Aim of the task
Take from the material every line that contains the word "auto".

Exercise material
lemma psi_inv_pos_mem_Y_reals:
  assumes "y \<in> Y_reals"
  shows "psi_inv_pos y \<in> Y_reals"
proof -
  obtain p where "complex_of_real y \<in> Y p"
    using assms by (auto simp: Y_reals_def)
  moreover have "complex_of_real (psi_inv_pos y) - 1 / of_real (psi_inv_pos y) = of_real y"
    using psi_inv_pos_eq[of y] by (metis of_real_1 of_real_diff of_real_divide)
  ultimately have "complex_of_real (psi_inv_pos y) \<in> Y (Suc p)"
    using psi_inv_pos_gt_0[of y] by (simp add: Y_Suc)
  then show ?thesis
    by (auto simp: Y_reals_def)
qed

lemma Y_reals_meets_interval_if_meets_image:
  assumes "0 < a" "a \<le> b" "{a - 1 / a..b - 1 / b} \<inter> Y_reals \<noteq> {}"
  shows "{a..b} \<inter> Y_reals \<noteq> {}"
proof -
  obtain y where y: "y \<in> Y_reals" "a - 1 / a \<le> y" "y \<le> b - 1 / b"
    using assms(3) by auto
  have "a \<le> psi_inv_pos y"
    using psi_inv_pos_mono[OF y(2)] psi_inv_pos_minus_inverse[OF assms(1)] by simp
  moreover have "psi_inv_pos y \<le> b"
    using psi_inv_pos_mono[OF y(3)] psi_inv_pos_minus_inverse[of b] assms(1,2) by simp
  ultimately show ?thesis
    using psi_inv_pos_mem_Y_reals[OF y(1)] by auto
qed

lemma Y_reals_meets_interval_uminus:
  assumes "{a..b} \<inter> Y_reals \<noteq> {}"
  shows "{- b..- a} \<inter> Y_reals \<noteq> {}"
proof -
  obtain x where "x \<in> Y_reals" "a \<le> x" "x \<le> b"
    using assms by auto
  then have "- x \<in> {- b..- a} \<inter> Y_reals"
    by (simp add: uminus_mem_Y_reals_iff)
  then show ?thesis
    by blast
qed

lemma Y_reals_meets_interval_of_width:
  fixes a b :: real and n m :: nat
  assumes "0 < a" "a < b" "1 / 2 ^ n \<le> b - a" "b\<^sup>2 \<le> real m"
  shows "{a..b} \<inter> Y_reals \<noteq> {}"
  using assms
proof (induction n arbitrary: m a b rule: less_induct)
  case (less n)
  note width_IH = less.IH
  from less.prems show ?case
  proof (induction m arbitrary: a b rule: less_induct)
    case (less m)
    consider "a \<le> 1" "1 \<le> b" | "b < 1" | "1 < a"
      by linarith
    then show ?case
    proof cases
      case 1
      then show ?thesis
        using one_mem_Y_reals by auto
    next
      case 2
      note image = minus_inverse_interval_below_one[OF less.prems(1,2) 2]
      have "b - a < 1"
        using less.prems(1) 2 by linarith
      then obtain k where n: "n = Suc k"
        using less.prems(3) by (cases n) auto
      have width: "1 / 2 ^ k \<le> (1 / a - a) - (1 / b - b)"
        using image(2) less.prems(3) n by simp
      moreover have "0 < (1 / 2 ^ k :: real)"
        by simp
      ultimately have "1 / b - b < 1 / a - a"
        by linarith
      moreover have "(1 / a - a)\<^sup>2 \<le> real (nat \<lceil>(1 / a - a)\<^sup>2\<rceil>)"
        by linarith
      moreover have "k < n"
        using n by simp
      ultimately have "{1 / b - b..1 / a - a} \<inter> Y_reals \<noteq> {}"
        using width_IH image(1) width by blast
      then have "{a - 1 / a..b - 1 / b} \<inter> Y_reals \<noteq> {}"
        using Y_reals_meets_interval_uminus by fastforce
      then show ?thesis
        using Y_reals_meets_interval_if_meets_image less.prems(1,2) by simp
    next
      case 3
      note image = minus_inverse_interval_above_one[OF 3 less.prems(2)]
      have "1 < b\<^sup>2"
        using 3 less.prems(2) by (simp add: one_less_power)
      then obtain k where m: "m = Suc k"
        using less.prems(4) by (cases m) auto
      have "a - 1 / a < b - 1 / b"
        using minus_inverse_strict_mono less.prems(1,2) by blast
      moreover have "1 / 2 ^ n \<le> (b - 1 / b) - (a - 1 / a)"
        using image(2) less.prems(3) by linarith
      moreover have "(b - 1 / b)\<^sup>2 \<le> real k"
        using image(3) less.prems(4) m by simp
      moreover have "k < m"
        using m by simp
      ultimately have "{a - 1 / a..b - 1 / b} \<inter> Y_reals \<noteq> {}"
        using less.IH image(1) by blast
      then show ?thesis
        using Y_reals_meets_interval_if_meets_image less.prems(1,2) by simp
    qed
  qed
qed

Written response
    using assms by (auto simp: Y_reals_def)
    by (auto simp: Y_reals_def)
    using assms(3) by auto
    using psi_inv_pos_mem_Y_reals[OF y(1)] by auto
    using assms by auto
        using one_mem_Y_reals by auto
        using less.prems(3) by (cases n) auto
        using less.prems(4) by (cases m) auto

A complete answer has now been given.